▶ WHAT THE TASK REQUIRES:
Once every line below has been checked for "where", give only the number of lines that have it.

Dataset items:
(* Let $m\ge 2$ and $n\ge 2$ be integers. Let $\mathrm{AGL}_{n-1}(\mathbb{Z}_m)\subset GL_n(\mathbb{Z}_m)$ be the group of matrices $g(A,v)=\begin{pmatrix}A&v\\0&1\end{pmatrix}$ with $A\in GL_{n-1}(\mathbb{Z}_m)$ and $v\in\mathbb{Z}_m^{n-1}$ a column vector. Fix a standard basis vector $e_i\in\mathbb{Z}_m^{n-1}$ and let $B=g(I,e_i)$. Then $\mathrm{AGL}_{n-1}(\mathbb{Z}_m)$ is generated by $B$ together with the matrices $g(E_{k,l}(1),0)$ for all $1\le k\neq l\le n-1$ and $g(D(\alpha,1),0)$ for all $\alpha\in\mathbb{Z}_m^\times$.
   Context: For $k\neq l$, $\Delta_{k,l}$ denotes the $(n-1)\times(n-1)$ matrix with $(k,l)$-entry $1$ and all other entries $0$ (and $\Delta_{k,k}$ the matrix with $(k,k)$-entry $1$, others $0$); $E_{k,l}(\alpha)=I+\alpha\Delta_{k,l}$; $D(\alpha,k)=I+(\alpha-1)\Delta_{k,k}$, the diagonal matrix with $(k,k)$-entry $\alpha$ and other diagonal entries $1$. Multiplication in $\mathrm{AGL}_{n-1}(\mathbb{Z}_m)$ is $g(A_1,v_1)g(A_2,v_2)=g(A_1A_2,A_1v_2+v_1)$. *)

theory Defs
  imports "Jordan_Normal_Form.Matrix" "Berlekamp_Zassenhaus.Finite_Field"
    "HOL-Algebra.Generated_Groups"
begin

text \<open>Z_m is the type 'm mod_ring with m = CARD('m) (class nontriv: m >= 2).
  Matrices are Jordan_Normal_Form matrices, indices are 0-based.
  d = n - 1 is the size of the linear part.\<close>

definition Delta :: "nat \<Rightarrow> nat \<Rightarrow> nat \<Rightarrow> 'a::comm_ring_1 mat" where
  "Delta d k l = mat d d (\<lambda>(i,j). if i = k \<and> j = l then 1 else 0)"

definition Emat :: "nat \<Rightarrow> nat \<Rightarrow> nat \<Rightarrow> 'a::comm_ring_1 \<Rightarrow> 'a mat" where
  "Emat d k l \<alpha> = 1\<^sub>m d + \<alpha> \<cdot>\<^sub>m Delta d k l"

▶ RESPONSE AREA:
2